I want to read some XML-files and convert it to a graph (no graphics, just a model). 我想读取一些XML文件并将其转换为图形（没有图形，只是一个模型）。 But because the files are very large (2,2 GB) my model object, which holds all the information, becomes even larger (4x the size of the file...). 但是由于文件很大（2.2 GB），所以包含所有信息的模型对象变得更大（文件大小的4倍...）。

Googling through the net I tried to find ways to reduce the object size. 在网上搜寻时，我试图找到减小对象大小的方法。 I tried different collection types but would like to stick to a HashMap (because I have to have random access). 我尝试了不同的集合类型，但想坚持使用HashMap（因为我必须具有随机访问权限）。 The actuall keys and values make up just a small amount of the allocated memory. 实际的键和值仅占分配的内存的一小部分。 Most of the hash table is empty... 大多数哈希表是空的...

If I'm not totally wrong a garbage collection doesn't help me to free the allocated memory and reduce the size of the hashmap. 如果我不是完全错误，那么垃圾回收并不能帮助我释放分配的内存并减小哈希图的大小。 Is there and other way to release unused memory and shrink the hashmap? 是否有其他方法释放未使用的内存并缩小哈希图？ Or is there a way to do perfect hashing? 还是有办法进行完美的哈希处理？ Or shoud I just use another collection? 还是应该使用其他收藏集？

Thanks in advance, 提前致谢，

Sebastian 塞巴斯蒂安

Answer 1

A HashMap is typically just a large array of references filled to a certain percentage of capacity. HashMap通常只是大量引用，填充了一定百分比的容量。 If only 80% of the map is filled, the remaining 20% of the array cells are unused (ie, are null). 如果仅填充80％的映射，则其余20％的阵列单元未使用（即为空）。 The extra overhead is really only just the empty (null) cells. 额外的开销实际上只是空（null）单元格。

On a 32-bit CPU, each array cell is usually 4 bytes in size (although some JVM implementations may allocate 8 bytes). 在32位CPU上，每个数组单元的大小通常为4个字节（尽管某些JVM实现可能分配8个字节）。 That's not really that much unused space overall. 总体而言，这并不是真正的未使用空间。
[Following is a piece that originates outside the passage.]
(* Let $\mathcal H$ be an index set (possibly uncountably infinite). For each $h\in\mathcal H$ let $X_1(h),X_2(h),\dots$ be real random variables, and let $\mathcal T_t=\{X_\tau(h)\}_{1\le\tau\le t,\,h\in\mathcal H}$ denote everything observed up to time $t$. Assume $\mathbb E[X_t(h)\mid\mathcal T_{t-1}]=0$ for all $t,h$ (the variables $X_t(h)$ for different $h$ need not be independent), and $|X_t(h)|\le C$ for all $t,h$. Let $M_t(h)=\sum_{\tau=1}^t X_\tau(h)$ and $V_t(h)=\sum_{\tau=1}^t\mathbb E[X_\tau(h)^2\mid\mathcal T_{\tau-1}]$, and for a distribution $\rho$ on $\mathcal H$ let $M_t(\rho)=\mathbb E_{\rho(h)}[M_t(h)]$, $V_t(\rho)=\mathbb E_{\rho(h)}[V_t(h)]$. Let $\delta\in(0,1)$ and $L_t=2\ln(t+1)+\ln\frac{2}{\delta}$. Let $\mu_1,\mu_2,\dots$ be "reference" (prior) distributions on $\mathcal H$ such that $\mu_t$ is independent of $\mathcal T_t$ (it may depend on $t$), and let $\bar V_1,\bar V_2,\dots$ be positive numbers such that $\bar V_t$ is independent of $\mathcal T_t$ (it may depend on $t$) and $$\sqrt{\frac{L_t}{(e-2)\bar V_t}}\le\frac1C\quad\text{for all }t.$$ Then with probability at least $1-\delta$, simultaneously for all $t\ge1$ and all distributions $\rho_t$ on $\mathcal H$ (which may depend on the observations), $$|M_t(\rho_t)|\le\sqrt{e-2}\left(KL(\rho_t\|\mu_t)\sqrt{\frac{\bar V_t}{L_t}}+V_t(\rho_t)\sqrt{\frac{L_t}{\bar V_t}}+\sqrt{L_t\bar V_t}\right).$$
   Context: $KL(\rho\|\mu)=\mathbb E_{\rho(h)}[\ln\frac{\rho(h)}{\mu(h)}]$ is the Kullback–Leibler divergence. "Independent of $\mathcal T_t$" means the object is chosen without reference to the observed random variables (e.g., fixed in advance as a function of $t$). *)

theory Defs
  imports "HOL-Probability.Probability"
begin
Once your map is filled, you can copy it to another HashMap with a more appropriate (smaller) size giving a larger fill percentage. 填满地图后，您可以将其复制到另一个更合适（更小）的HashMap ，以提供更大的填充百分比。
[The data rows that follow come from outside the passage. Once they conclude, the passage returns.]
(* Let $\Omega$ be a finite set, $(H_i\mid i\in\Omega)$ finite abelian groups with $h_i=|H_i|\geqslant2$ for all $i$, $\mathbf{H}=\prod_{i\in\Omega}H_i$, $\mathbf{P}=(\Omega,\preccurlyeq_{\mathbf{P}})$ a poset. Let $\alpha\in\hat{\mathbf{H}}$ with $\langle\mathrm{supp}(\alpha)\rangle_{\overline{\mathbf{P}}}=D$, and let $X=(\Omega-D)\cup\min_{\mathbf{P}}(D)$. Then $\deg(F(\alpha))=|X|=|\Omega|-|D|+|\min_{\mathbf{P}}(D)|$, and the leading coefficient of $F(\alpha)$ equals $$(-1)^{|\min_{\mathbf{P}}(D)|}\Big(\prod_{i\in X-\max_{\mathbf{P}}(X)}h_i\Big)\Big(\prod_{i\in\max_{\mathbf{P}}(X)-\min_{\mathbf{P}}(D)}(h_i-1)\Big).$$
   Context: $\hat{\mathbf{H}}$ is the character group of $\mathbf{H}$, identified with $\prod_i\hat{H_i}$ via $\alpha(\beta)=\prod_i\alpha_{(i)}(\beta_{(i)})$; $\mathrm{supp}$ of a codeword is the set of coordinates where it is not the identity. $\max_{\mathbf{P}}(B)$, $\min_{\mathbf{P}}(B)$ are the maximal, minimal elements of $B$. For a poset $\mathbf{Q}$ on $\Omega$, $\langle B\rangle_{\mathbf{Q}}$ is the down-closure of $B$ in $\mathbf{Q}$ and $\mathrm{wt}_{\mathbf{Q}}(\beta)=|\langle\mathrm{supp}(\beta)\rangle_{\mathbf{Q}}|$. $\overline{\mathbf{P}}$ is the dual poset. With $n=|\Omega|$, $F(\alpha)=\sum_{l=0}^{n}\big(\sum_{\beta\in\mathbf{H},\ \mathrm{wt}_{\mathbf{P}}(\beta)=l}\alpha(\beta)\big)x^l$. *)

theory Defs
  imports "HOL-Algebra.Group" "HOL-Computational_Algebra.Polynomial"
begin

definition character :: "('a, 'b) monoid_scheme \<Rightarrow> ('a \<Rightarrow> complex) \<Rightarrow> bool" where
  "character G \<chi> \<longleftrightarrow>
     (\<forall>x\<in>carrier G. \<forall>y\<in>carrier G. \<chi> (x \<otimes>\<^bsub>G\<^esub> y) = \<chi> x * \<chi> y) \<and>
     (\<forall>x\<in>carrier G. \<chi> x \<noteq> 0)"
Your question seems to imply that there are more allocated but unused objects that you're worried about. 您的问题似乎暗示您担心的还有更多已分配但未使用的对象。 But how is that the case? 但是，情况如何呢？

Addendum 附录

Once a map is filled almost to capacity (typically more than 95% or so), a larger array is allocated, the old array's contents are copied to the new array, and then the smaller array is left to be garbage collected. 一旦映射几乎被填满（通常超过95％），就会分配一个较大的数组，将旧数组的内容复制到新数组中，然后将较小的数组保留为垃圾回收。 This is obviously an expensive operation, so choosing a reasonably large initial size for the map is key to improving performance. 这显然是一项昂贵的操作，因此为地图选择合理的初始大小对于提高性能至关重要。

If you can (over)estimate the number of cells needed, preallocating a map can reduce or even eliminate the resizing operations. 如果可以（过度）估计所需的像元数，则预分配映射可以减少甚至消除调整大小的操作。

Answer 2

What you are asking is not so clear, it is not clear if memory is taken by the objects that you put inside the hasmap or by the hashmap itself, which shouldn't be the case since it only holds references. 您要问的内容不是很清楚，不清楚是由您放置在hasmap内的对象还是由hashmap本身占用了内存，事实并非如此，因为它仅保存引用。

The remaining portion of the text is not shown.